- Italian theatrical release poster
- Directed by: Roberto Mauri
- Written by: Walter Brandi Ralph Zucker Roberto Mauri
- Produced by: Walter Brandi Ralph Zucker Dick Randall Brad Harris
- Starring: Brad Harris Esmeralda Barros Marc Lawrence
- Cinematography: Mario Mancini
- Edited by: Nella Nannuzzi
- Music by: Roberto Pregadio
- Distributed by: Better Television Distribution
- Release date: 29 September 1968;
- Running time: 92 min
- Country: Italy
- Language: Italian

= Kong Island =

1968 Italian adventure film

Kong Island (original Italian title: Eva, la Venere selvaggia; translated as Eva, the Savage Venus) is a 1968 jungle adventure film (with a science fiction element) directed by Roberto Mauri (billed as Robert Morris). The film was promoted in the U.S. as King of Kong Island.

==Plot synopsis==

The story takes place in the jungles of Kenya and its capital city Nairobi. Despite the English-language title, there is no island (and no "Kong"). Mad scientist Albert Muller is experimenting with small radio transmitters implanted in the brains of gorillas that control their minds. These are test subjects with the ultimate goal of doing this to humans.

Diana, the daughter of bar owner Theodore (no last name is mentioned), is abducted by gorillas. Burt also has a personal motive---he was shot and left for dead by an ex-partner who he suspects is behind the situation. Hostile natives attack his group, and Burt is captured along the way. After he escapes, Burt meets a legendary white jungle girl the natives call the Sacred Monkey (In the English dubbed version, he first calls her Eve, but later everyone refers to her as Eva).

Eva is a Tarzan-like orphan who grew up alone in the jungle. She wears only a leather loincloth, and her waist-length black hair covers her breasts. She does not speak English but can communicate with animals and has a pet chimpanzee. She has one of Diana's bracelets and eventually leads Burt to a cave where she is being held prisoner by Muller. This is where the final conflict and resolution takes place---a rather convoluted mess that leaves Burt and Diana as the only survivors.

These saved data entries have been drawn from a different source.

(* Let $G$ be a graph, $D\ge1$, and $e_1,\dots,e_r$ edges of $G$ with masses $m_{e_1},\dots,m_{e_r}$ all nonzero. If for some choice of constants $c_{e_1},\dots,c_{e_r}\in\mathbb C^D$ the intersection of quadrics $Q_{e_1}\cap\cdots\cap Q_{e_r}\subset H_1(G,\mathbb C^D)$ has a pinch point (a point of the intersection at which the differentials of the $r$ defining functions are linearly dependent), then the graph obtained from $G$ by cutting (deleting) the edges $e_1,\dots,e_r$ is disconnected.
   Context: Fix a nondegenerate symmetric bilinear form on $\mathbb C^D$ (the complexified Minkowski form), writing $v^2$ for the square of $v\in\mathbb C^D$. For an edge $e$, $e^\vee:H_1(G,\mathbb C^D)\to\mathbb C^D$ is the composite of the inclusion $H_1(G,\mathbb C^D)\subset(\mathbb C^D)^E$ with the $e$-th projection. For $c_e\in\mathbb C^D$ and a mass $m_e\in\mathbb C$, the propagator quadric is $Q_e=\{x\in H_1(G,\mathbb C^D)\mid (e^\vee(x)-c_e)^2-m_e^2=0\}$. *)

theory Defs
  imports "HOL-Analysis.Analysis"
begin

text \<open>The vector space C^D is complex^'d for a finite type 'd (so D = CARD('d) \<ge> 1).
  A graph is given by a finite vertex set V, a finite edge set E and an (arbitrary)
  orientation src/tgt of each edge; loops and multiple edges are allowed.\<close>

definition is_graph :: "'v set \<Rightarrow> 'e set \<Rightarrow> ('e \<Rightarrow> 'v) \<Rightarrow> ('e \<Rightarrow> 'v) \<Rightarrow> bool" where
  "is_graph V E src tgt \<longleftrightarrow> finite V \<and> finite E \<and> (\<forall>e\<in>E. src e \<in> V \<and> tgt e \<in> V)"

definition nondeg_sym_bilinear :: "(complex^'d \<Rightarrow> complex^'d \<Rightarrow> complex) \<Rightarrow> bool" where
  "nondeg_sym_bilinear B \<longleftrightarrow>
     (\<forall>x y z. B (x + y) z = B x z + B y z) \<and>
     (\<forall>a x z. B (a *s x) z = a * B x z) \<and>
     (\<forall>x y. B x y = B y x) \<and>
     (\<forall>x. (\<forall>y. B x y = 0) \<longrightarrow> x = 0)"

text \<open>The edge functional e^\<or> is evaluation x \<mapsto> x e.\<close>
definition H1 :: "'v set \<Rightarrow> 'e set \<Rightarrow> ('e \<Rightarrow> 'v) \<Rightarrow> ('e \<Rightarrow> 'v) \<Rightarrow> ('e \<Rightarrow> complex^'d) set" where
  "H1 V E src tgt = {x. (\<forall>e. e \<notin> E \<longrightarrow> x e = 0) \<and>
      (\<forall>v\<in>V. (\<Sum>e\<in>{e\<in>E. tgt e = v}. x e) - (\<Sum>e\<in>{e\<in>E. src e = v}. x e) = 0)}"

text \<open>The defining function of the propagator quadric Q_e: x \<mapsto> (e^\<or>(x) - c_e)^2 - m_e^2.\<close>
definition prop_fun :: "(complex^'d \<Rightarrow> complex^'d \<Rightarrow> complex) \<Rightarrow> 'e \<Rightarrow> complex^'d \<Rightarrow> complex
                       \<Rightarrow> ('e \<Rightarrow> complex^'d) \<Rightarrow> complex" where
  "prop_fun B e ce me x = B (x e - ce) (x e - ce) - me ^ 2"

definition quadric :: "'v set \<Rightarrow> 'e set \<Rightarrow> ('e \<Rightarrow> 'v) \<Rightarrow> ('e \<Rightarrow> 'v) \<Rightarrow>
    (complex^'d \<Rightarrow> complex^'d \<Rightarrow> complex) \<Rightarrow> 'e \<Rightarrow> complex^'d \<Rightarrow> complex \<Rightarrow> ('e \<Rightarrow> complex^'d) set" where
  "quadric V E src tgt B e ce me = {x \<in> H1 V E src tgt. prop_fun B e ce me x = 0}"

definition differential :: "(('e \<Rightarrow> complex^'d) \<Rightarrow> complex) \<Rightarrow> ('e \<Rightarrow> complex^'d) \<Rightarrow> ('e \<Rightarrow> complex^'d) \<Rightarrow> complex" where
  "differential f x y = deriv (\<lambda>t::complex. f (\<lambda>e. x e + t *s y e)) 0"

definition pinch_point :: "'v set \<Rightarrow> 'e set \<Rightarrow> ('e \<Rightarrow> 'v) \<Rightarrow> ('e \<Rightarrow> 'v) \<Rightarrow>
    (complex^'d \<Rightarrow> complex^'d \<Rightarrow> complex) \<Rightarrow> 'e set \<Rightarrow> ('e \<Rightarrow> complex^'d) \<Rightarrow> ('e \<Rightarrow> complex)
    \<Rightarrow> ('e \<Rightarrow> complex^'d) \<Rightarrow> bool" where
  "pinch_point V E src tgt B S c m x \<longleftrightarrow>
     x \<in> (\<Inter>e\<in>S. quadric V E src tgt B e (c e) (m e)) \<and> x \<in> H1 V E src tgt \<and>
     (\<exists>lam::'e \<Rightarrow> complex. (\<exists>e\<in>S. lam e \<noteq> 0) \<and>
        (\<forall>y\<in>H1 V E src tgt. (\<Sum>e\<in>S. lam e * differential (prop_fun B e (c e) (m e)) x y) = 0))"

definition adj_rel :: "'e set \<Rightarrow> ('e \<Rightarrow> 'v) \<Rightarrow> ('e \<Rightarrow> 'v) \<Rightarrow> ('v \<times> 'v) set" where
  "adj_rel E src tgt = {(src e, tgt e) | e. e \<in> E} \<union> {(tgt e, src e) | e. e \<in> E}"

definition graph_connected :: "'v set \<Rightarrow> 'e set \<Rightarrow> ('e \<Rightarrow> 'v) \<Rightarrow> ('e \<Rightarrow> 'v) \<Rightarrow> bool" where
  "graph_connected V E src tgt \<longleftrightarrow> (\<forall>u\<in>V. \<forall>v\<in>V. (u, v) \<in> (adj_rel E src tgt)\<^sup>*)"

end

theory Submission
  imports Defs
begin

text \<open>Suppose the graph stays connected after cutting the edges of S, and let x be a pinch point
  with a dependency relation whose coefficient at the edge e is nonzero. The differential of the
  propagator function of an edge e' at x is y \<mapsto> 2 B (x e' - c e') (y e'). Closing the edge e by a
  path avoiding S gives, for every a, a cycle y with y e = a that vanishes on the other edges of S.
  Evaluating the relation on y yields B (x e - c e) a = 0 for all a, so x e = c e by
  nondegeneracy, and then x \<in> Q_e forces m e = 0.\<close>

definition chain_boundary :: "'e set \<Rightarrow> ('e \<Rightarrow> 'v) \<Rightarrow> ('e \<Rightarrow> 'v) \<Rightarrow> ('e \<Rightarrow> complex^'d) \<Rightarrow> 'v \<Rightarrow> complex^'d"
  where "chain_boundary E src tgt z v = (\<Sum>e\<in>{e\<in>E. tgt e = v}. z e) - (\<Sum>e\<in>{e\<in>E. src e = v}. z e)"

lemma H1_iff_chain_boundary:
  "z \<in> H1 V E src tgt \<longleftrightarrow> (\<forall>e. e \<notin> E \<longrightarrow> z e = 0) \<and> (\<forall>v\<in>V. chain_boundary E src tgt z v = 0)"
  unfolding H1_def chain_boundary_def by simp

lemma chain_boundary_add:
  "chain_boundary E src tgt (\<lambda>e. z1 e + z2 e) v = chain_boundary E src tgt z1 v + chain_boundary E src tgt z2 v"
  unfolding chain_boundary_def by (simp add: sum.distrib)

lemma chain_boundary_single_edge:
  assumes "finite E" "f \<in> E"
  shows "chain_boundary E src tgt (\<lambda>e. if e = f then a else 0) v =
           (if v = tgt f then a else 0) - (if v = src f then a else 0)"
  unfolding chain_boundary_def using assms by (auto simp: sum.delta)

lemma chain_along_path:
  assumes "(u, w) \<in> (adj_rel F src tgt)\<^sup>*" "F \<subseteq> E" "finite E"
  shows "\<exists>z. (\<forall>e. e \<notin> F \<longrightarrow> z e = 0) \<and>
           (\<forall>v. chain_boundary E src tgt z v = (if v = w then a else 0) - (if v = u then a else 0))"
  using assms(1)
proof (induction rule: rtrancl_induct)
  case base
  show ?case by (rule exI[of _ "\<lambda>e. 0"]) (simp add: chain_boundary_def)
next
  case (step w w')
  then obtain z where z_supp: "\<forall>e. e \<notin> F \<longrightarrow> z e = 0"
    and z_bd: "\<forall>v. chain_boundary E src tgt z v = (if v = w then a else 0) - (if v = u then a else 0)"
    by blast
  from step(2) obtain f b where "f \<in> F"
    and fb: "(w = src f \<and> w' = tgt f \<and> b = a) \<or> (w = tgt f \<and> w' = src f \<and> b = -a)"
    unfolding adj_rel_def by blast
  with assms have "f \<in> E" by blast
  define z' where "z' = (\<lambda>e. z e + (if e = f then b else 0))"
  have "\<forall>e. e \<notin> F \<longrightarrow> z' e = 0"
    using z_supp \<open>f \<in> F\<close> unfolding z'_def by auto
  moreover have "chain_boundary E src tgt z' v = (if v = w' then a else 0) - (if v = u then a else 0)" for v
  proof -
    have "chain_boundary E src tgt z' v =
          chain_boundary E src tgt z v + ((if v = tgt f then b else 0) - (if v = src f then b else 0))"
      unfolding z'_def chain_boundary_add chain_boundary_single_edge[OF assms(3) \<open>f \<in> E\<close>] ..
    then show ?thesis using z_bd fb by (auto simp: algebra_simps)
  qed
  ultimately show ?case by blast
qed

lemma cycle_through_edge:
  assumes "is_graph V E src tgt" "F \<subseteq> E" "f \<in> E" "f \<notin> F"
    and "(tgt f, src f) \<in> (adj_rel F src tgt)\<^sup>*"
  obtains y where "y \<in> H1 V E src tgt" "y f = a" "\<And>e. e \<noteq> f \<Longrightarrow> e \<notin> F \<Longrightarrow> y e = 0"
proof -
  have "finite E" using assms(1) unfolding is_graph_def by blast
  from chain_along_path[OF assms(5,2) this, of a] obtain z
    where z_supp: "\<forall>e. e \<notin> F \<longrightarrow> z e = 0"
      and z_bd: "\<forall>v. chain_boundary E src tgt z v = (if v = src f then a else 0) - (if v = tgt f then a else 0)"
    by blast
  define y where "y = (\<lambda>e. z e + (if e = f then a else 0))"
  have "y \<in> H1 V E src tgt"
    using z_supp z_bd assms(2,3)
    by (auto simp: H1_iff_chain_boundary y_def chain_boundary_add
        chain_boundary_single_edge[OF \<open>finite E\<close> \<open>f \<in> E\<close>])
  moreover have "y f = a" "\<And>e. e \<noteq> f \<Longrightarrow> e \<notin> F \<Longrightarrow> y e = 0"
    using z_supp \<open>f \<notin> F\<close> unfolding y_def by auto
  ultimately show ?thesis using that by blast
qed

lemma nondeg_sym_bilinear_zero:
  assumes "nondeg_sym_bilinear B"
  shows "B 0 z = 0" "B z 0 = 0"
proof -
  have "B ((0::complex) *s 0) z = 0 * B 0 z"
    using assms unfolding nondeg_sym_bilinear_def by blast
  then show "B 0 z = 0" by simp
  with assms show "B z 0 = 0" unfolding nondeg_sym_bilinear_def by metis
qed

lemma nondeg_sym_bilinear_square_add_scaled:
  assumes "nondeg_sym_bilinear B"
  shows "B (p + t *s q) (p + t *s q) = B p p + 2 * t * B p q + t\<^sup>2 * B q q"
proof -
  have add: "\<And>x y z. B (x + y) z = B x z + B y z" "\<And>x y z. B z (x + y) = B z x + B z y"
    and scale: "\<And>a x z. B (a *s x) z = a * B x z" "\<And>a x z. B z (a *s x) = a * B z x"
    and sym: "B q p = B p q"
    using assms unfolding nondeg_sym_bilinear_def by metis+
  show ?thesis by (simp add: add scale sym algebra_simps power2_eq_square)
qed

lemma differential_prop_fun:
  assumes "nondeg_sym_bilinear B"
  shows "differential (prop_fun B e ce me) x y = 2 * B (x e - ce) (y e)"
proof -
  define p q where "p = x e - ce" and "q = y e"
  have "(\<lambda>t. prop_fun B e ce me (\<lambda>e. x e + t *s y e)) =
        (\<lambda>t. B p p + 2 * t * B p q + t\<^sup>2 * B q q - me\<^sup>2)"
  proof
    fix t :: complex
    have "x e + t *s y e - ce = p + t *s q"
      unfolding p_def q_def by (simp add: algebra_simps)
    then show "prop_fun B e ce me (\<lambda>e. x e + t *s y e) = B p p + 2 * t * B p q + t\<^sup>2 * B q q - me\<^sup>2"
      unfolding prop_fun_def by (simp add: nondeg_sym_bilinear_square_add_scaled[OF assms])
  qed
  moreover have "((\<lambda>t. B p p + 2 * t * B p q + t\<^sup>2 * B q q - me\<^sup>2) has_field_derivative 2 * B p q) (at 0)"
    by (auto intro!: derivative_eq_intros)
  ultimately show ?thesis
    unfolding differential_def p_def q_def by (simp add: DERIV_imp_deriv)
qed

lemma sum_differentials_supported_on_edge:
  assumes "nondeg_sym_bilinear B" "finite S" "e \<in> S" "\<And>e'. e' \<in> S \<Longrightarrow> e' \<noteq> e \<Longrightarrow> y e' = 0"
  shows "(\<Sum>e'\<in>S. lam e' * differential (prop_fun B e' (c e') (m e')) x y) = 2 * lam e * B (x e - c e) (y e)"
proof -
  have "(\<Sum>e'\<in>S. lam e' * differential (prop_fun B e' (c e') (m e')) x y)
        = (\<Sum>e'\<in>S. if e' = e then 2 * lam e * B (x e - c e) (y e) else 0)"
    using assms(4) by (intro sum.cong) (auto simp: differential_prop_fun[OF assms(1)] nondeg_sym_bilinear_zero[OF assms(1)])
  with assms(2,3) show ?thesis by simp
qed

theorem proposition10p1:
  fixes V :: "'v set" and E :: "'e set" and src tgt :: "'e \<Rightarrow> 'v"
    and B :: "complex^'d \<Rightarrow> complex^'d \<Rightarrow> complex"
    and S :: "'e set" and c :: "'e \<Rightarrow> complex^'d" and m :: "'e \<Rightarrow> complex"
  assumes "is_graph V E src tgt"
    and "nondeg_sym_bilinear B"
    and "S \<subseteq> E"
    and "\<forall>e\<in>S. m e \<noteq> 0"
    and "\<exists>x. pinch_point V E src tgt B S c m x"
  shows "\<not> graph_connected V (E - S) src tgt"
proof
  assume connected: "graph_connected V (E - S) src tgt"
  obtain x lam e where x_quadrics: "x \<in> (\<Inter>e\<in>S. quadric V E src tgt B e (c e) (m e))"
    and "e \<in> S" "lam e \<noteq> 0"
    and dependency: "\<forall>y\<in>H1 V E src tgt. (\<Sum>e\<in>S. lam e * differential (prop_fun B e (c e) (m e)) x y) = 0"
    using assms(5) unfolding pinch_point_def by blast
  have "finite S" "e \<in> E" "src e \<in> V" "tgt e \<in> V"
    using assms(1,3) \<open>e \<in> S\<close> finite_subset unfolding is_graph_def by blast+
  with connected have closing_path: "(tgt e, src e) \<in> (adj_rel (E - S) src tgt)\<^sup>*"
    unfolding graph_connected_def by blast
  have "B (x e - c e) a = 0" for a
  proof -
    obtain y where "y \<in> H1 V E src tgt" "y e = a" "\<And>e'. e' \<noteq> e \<Longrightarrow> e' \<notin> E - S \<Longrightarrow> y e' = 0"
      using cycle_through_edge[OF assms(1) _ \<open>e \<in> E\<close> _ closing_path] \<open>e \<in> S\<close> by blast
    with dependency sum_differentials_supported_on_edge[OF assms(2) \<open>finite S\<close> \<open>e \<in> S\<close>, of y lam c m x]
    show ?thesis using \<open>lam e \<noteq> 0\<close> by auto
  qed
  then have "x e = c e"
    using assms(2) unfolding nondeg_sym_bilinear_def by (metis eq_iff_diff_eq_0)
  moreover have "prop_fun B e (c e) (m e) x = 0"
    using x_quadrics \<open>e \<in> S\<close> unfolding quadric_def by blast
  ultimately have "m e ^ 2 = 0"
    unfolding prop_fun_def by (simp add: nondeg_sym_bilinear_zero[OF assms(2)])
  with assms(4) \<open>e \<in> S\<close> show False by simp
qed

end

Unlike virtually every other film which features a jungle girl character, this story concentrates on Burt and his love interest Diana, with Eva confined to a marginal supporting role.

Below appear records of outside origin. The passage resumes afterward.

lemma closeness_persists_on_nfold_sums:
  fixes act :: "'g::ab_group_add \<Rightarrow> 'y::metric_space \<Rightarrow> 'y"
  assumes act_zero: "\<And>z. act 0 z = z"
    and act_add: "\<And>s t z. act (s + t) z = act s (act t z)"
    and step: "\<And>a b k. dist a b < \<delta> \<Longrightarrow> k \<in> K \<Longrightarrow> dist (act k a) (act k b) < \<eta>"
    and improve: "\<And>t. dist (act t y) (act t y') < \<eta> \<Longrightarrow> dist (act t y) (act t y') < \<epsilon>"
    and "\<epsilon> \<le> \<delta>" and "dist y y' < \<epsilon>"
  shows "t \<in> nfold_sum n K \<Longrightarrow> dist (act t y) (act t y') < \<epsilon>"
proof (induction n arbitrary: t)
  case 0
  then show ?case using \<open>dist y y' < \<epsilon>\<close> act_zero by simp
next
  case (Suc n)
  then obtain k s where "t = k + s" "k \<in> K" "s \<in> nfold_sum n K" by auto
  with Suc.IH have "dist (act s y) (act s y') < \<delta>" using \<open>\<epsilon> \<le> \<delta>\<close> by fastforce
  then have "dist (act k (act s y)) (act k (act s y')) < \<eta>" using step \<open>k \<in> K\<close> by blast
  then have "dist (act t y) (act t y') < \<eta>" using \<open>t = k + s\<close> act_add by simp
  then show ?case using improve by blast
qed
(* Let $q$ be a prime power, let $n,m\ge 1$ and $k$ be integers with $k^m\equiv 1 \pmod n$ and $k^t\not\equiv 1\pmod n$ for $1\le t\le m-1$, and let $$G_1=\langle x,y\mid x^m=y^n=1,\ x^{-1}yx=y^k\rangle .$$ Order the $mn$ elements of $G_1$ so that the element $x^jy^i$ ($0\le i\le n-1$, $0\le j\le m-1$) is in position $1+i+nj$, and identify $\mathbb{F}_qG_1$ with $\mathbb{F}_q^{mn}$ via $\Psi$ with respect to this ordering. Let $v\in\mathbb{F}_qG_1$ and let $C(v)\subseteq\mathbb{F}_q^{mn}$ be the code generated by the rows of $\sigma_{G_1}(v)$. Suppose $(b_1,b_2,\dots,b_{mn})\in C(v)$. For $0\le j\le m-1$ put $\mathbf{b}_{j+1}'=(b_{1+nj},b_{2+nj},\dots,b_{n+nj})\in\mathbb{F}_q^n$ and $\mathbf{b}_{j+1}=T_n^{[k^j]_n}(\mathbf{b}_{j+1}')$. Then the concatenations $(\mathbf{b}_1,\mathbf{b}_2,\dots,\mathbf{b}_m)$ and $T_m(\mathbf{b}_1',\mathbf{b}_2',\dots,\mathbf{b}_m')=(\mathbf{b}_m',\mathbf{b}_1',\dots,\mathbf{b}_{m-1}')$ are also codewords of $C(v)$.
   Context: For a finite group $G=\{g_1,\dots,g_N\}$ with a fixed ordering, $\mathbb{F}_qG$ is the group ring, and $\Psi:\mathbb{F}_qG\to\mathbb{F}_q^N$ sends $v=\sum_{i}\alpha_{g_i}g_i$ to $(\alpha_{g_1},\dots,\alpha_{g_N})$. The group ring matrix $\sigma_G(v)$ is the $N\times N$ matrix whose $(i,j)$ entry is $\alpha_{g_i^{-1}g_j}$; $C(v)$ denotes the row space of $\sigma_G(v)$. For a tuple $(c_1,\dots,c_r)$ (of scalars or of vectors), $T_r(c_1,\dots,c_r)=(c_r,c_1,\dots,c_{r-1})$ is the cyclic shift, and $T_r^s$ is its $s$-th iterate. For integers $a$ and $n\ge1$, $[a]_n$ denotes the smallest positive integer $a'$ with $a\equiv a'\pmod n$. *)

theory Defs
  imports "Jordan_Normal_Form.Matrix" "HOL-Algebra.Group" "HOL-Number_Theory.Cong"
begin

This film, though the name is very closely related to a very popular movie franchise, is not related in any form to King Kong. It is a translation of an Italian film Eva, la Venere Selvaggia, which translates as Eve the Savage Venus, leading to the alternate English-language title Eve the Wild Woman. This gives a better approximation of the film being closer one of the female Tarzan copies such as The Perils of Nyoka (1942) or tv’s Sheena, Queen of the Jungle (1955-6).

==Cast==
- Brad Harris as Burt Dawson
- Esmeralda Barros as Eve
- Marc Lawrence as Albert Muller
- Ursula Davis as Diana
- Adriana Alben as Ursula
- Marc Fiorini (credited as Mark Farran) as Robert
- Aldo Cecconi as Theodore (credited as Jim Clay)
- Paolo Magalotti as Turk (credited as Paul Carter)
- Mario Donatone as Forrester
- Gianni Pulone
- Miles Mason as Malik The Gorilla

==Legacy==
Contrary to popular belief, this film has nothing to do with King Kong and does not take place on an island. The film is in the public domain.